Well, we all have positions and movements all over the place. What is being valued here is the ability of making an argument. Opinions are a dozen.I don't think you can cleave the formal study of metaphysics from the formal study of empiricism and render it obsolete. To a large extent this has been the legacy of (logical) positivism - to attempt to dispense with metaphysics just as you would god. But it's merely been swept under the rug of positivism (and similar things could be said regarding god). My own position is that the rug bulges all over the place.

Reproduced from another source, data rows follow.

text \<open>
  The downward edge out of (i, j) carries the number of entries equal to j in row i; the
  horizontal edges carry what conservation then forces.
\<close>

definition flow_of_counts ::
  "(nat \<Rightarrow> nat) \<Rightarrow> nat \<Rightarrow> nat \<Rightarrow> (nat \<Rightarrow> nat \<Rightarrow> nat) \<Rightarrow> gvert \<times> gvert \<Rightarrow> real" where
  "flow_of_counts a n m C e =
     (if e \<in> G_edges n m then
        (case e of
          (Node i j, Node i' _) \<Rightarrow>
            if i' = i then real (a i + C (i - 1) j) - real (C i j) else count_increment C i j
        | (Node i j, Sink) \<Rightarrow> count_increment C i j
        | _ \<Rightarrow> 0)
      else 0)"

lemma flow_of_counts_right:
  "1 \<le> i \<Longrightarrow> i \<le> n \<Longrightarrow> j < m \<Longrightarrow>
    flow_of_counts a n m C (Node i j, Node i (Suc j)) = real (a i + C (i - 1) j) - real (C i j)"
  using right_edge_in_G_edges by (simp add: flow_of_counts_def)

lemma flow_of_counts_down:
  "1 \<le> i \<Longrightarrow> i \<le> n \<Longrightarrow> j \<le> m \<Longrightarrow>
    flow_of_counts a n m C (Node i j, down_vertex n i j) = count_increment C i j"
  using down_edge_in_G_edges by (simp add: flow_of_counts_def down_vertex_def)

lemma flow_of_counts_down_from_above:
  assumes C: "C \<in> count_arrays a b n m" and "1 \<le> i" "i \<le> n" "j \<le> m"
  shows "flow_of_counts a n m C (Node (i - 1) j, down_vertex n (i - 1) j) = count_increment C (i - 1) j"
proof (cases "i = 1")
  case True
  then have "(Node (i - 1) j, down_vertex n (i - 1) j) \<notin> G_edges n m"
    using assms(3) by (auto simp: G_edges_def down_vertex_def)
  then show ?thesis
    using True count_arraysD(1)[OF C] by (simp add: flow_of_counts_def count_increment_def)
next
  case False
  then show ?thesis
    using assms by (intro flow_of_counts_down) auto
qed

lemma flow_of_counts_balance_at_node:
  assumes C: "C \<in> count_arrays a b n m" and "0 < m" and i: "1 \<le> i" "i \<le> n" and "j \<le> m"
  shows "(if j < m then real (a i + C (i - 1) j) - real (C i j) else 0) + count_increment C i j
      - (if 0 < j then real (a i + C (i - 1) (j - 1)) - real (C i (j - 1)) else 0)
      - count_increment C (i - 1) j
    = G_netflow a b n m (Node i j)"
proof (cases "j = m")
  case True
  have "real (prefix_sum a i) = real (prefix_sum a (i - 1)) + real (a i)"
    "real (prefix_sum b i) = real (prefix_sum b (i - 1)) + real (b i)"
    using prefix_sum_pred[OF i(1)] by simp_all
  then show ?thesis
    using True \<open>0 < m\<close> i count_arrays_last_column[OF C, of i] count_arrays_last_column[OF C, of "i - 1"]
    by (simp add: count_increment_def G_netflow_def)
next
  case False
  then show ?thesis
    using \<open>j \<le> m\<close> by (auto simp: count_increment_def G_netflow_def)
qed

It's not an a priori conclusion, it is rather an empirical assessment. That is, the program of research into those areas must still obey empirical standards. If not, then it is not "science". If metaphysics is this non-empirical approach to the problem of knowledge you identify, then it is gibberish. Again, this is not an a priori assessment, but fruit of empirical conclusion: All we got so far, in this discussion is a lousy T-shirt.In general psychological terms, one way of looking at it is whether you:
a) think that blurring the edges of knowledge, thought and language is abhorrent and obfuscatory,
The suspicion that things are "blurry and obfuscatory" isn't a bad one, but one should not try to disguise the giberishness of metaphysics under the rug of "blurry and obfuscatory" as an excuse for its giberishness. IOW, knowledge must NOT be obfuscating, and should try to be as clear as possible, open to scrutiny, falsification, verification, engage in original predictions, so on, so on. If you do not have these demands, you open your research program to unrestrained navel-gazing wibble, to obviousnessness, to common-sensenessness, and to really bad reasoning. This is historically accurate, and diagnosed in the last century as the symptoms of "pseudo-science".or b) your observations - either individually or as part of an empirical programme - lead you to suspect that things just ARE more blurry and obfuscatory than the logical positivists would like to tolerate.
So, if you want to engage in pseudo-science gibberish, be my guest. We the "intolerable" positivists, ironically, are more interested in the search for the truth than the absolutist ones... who would have thought it? One more paradox to ponder.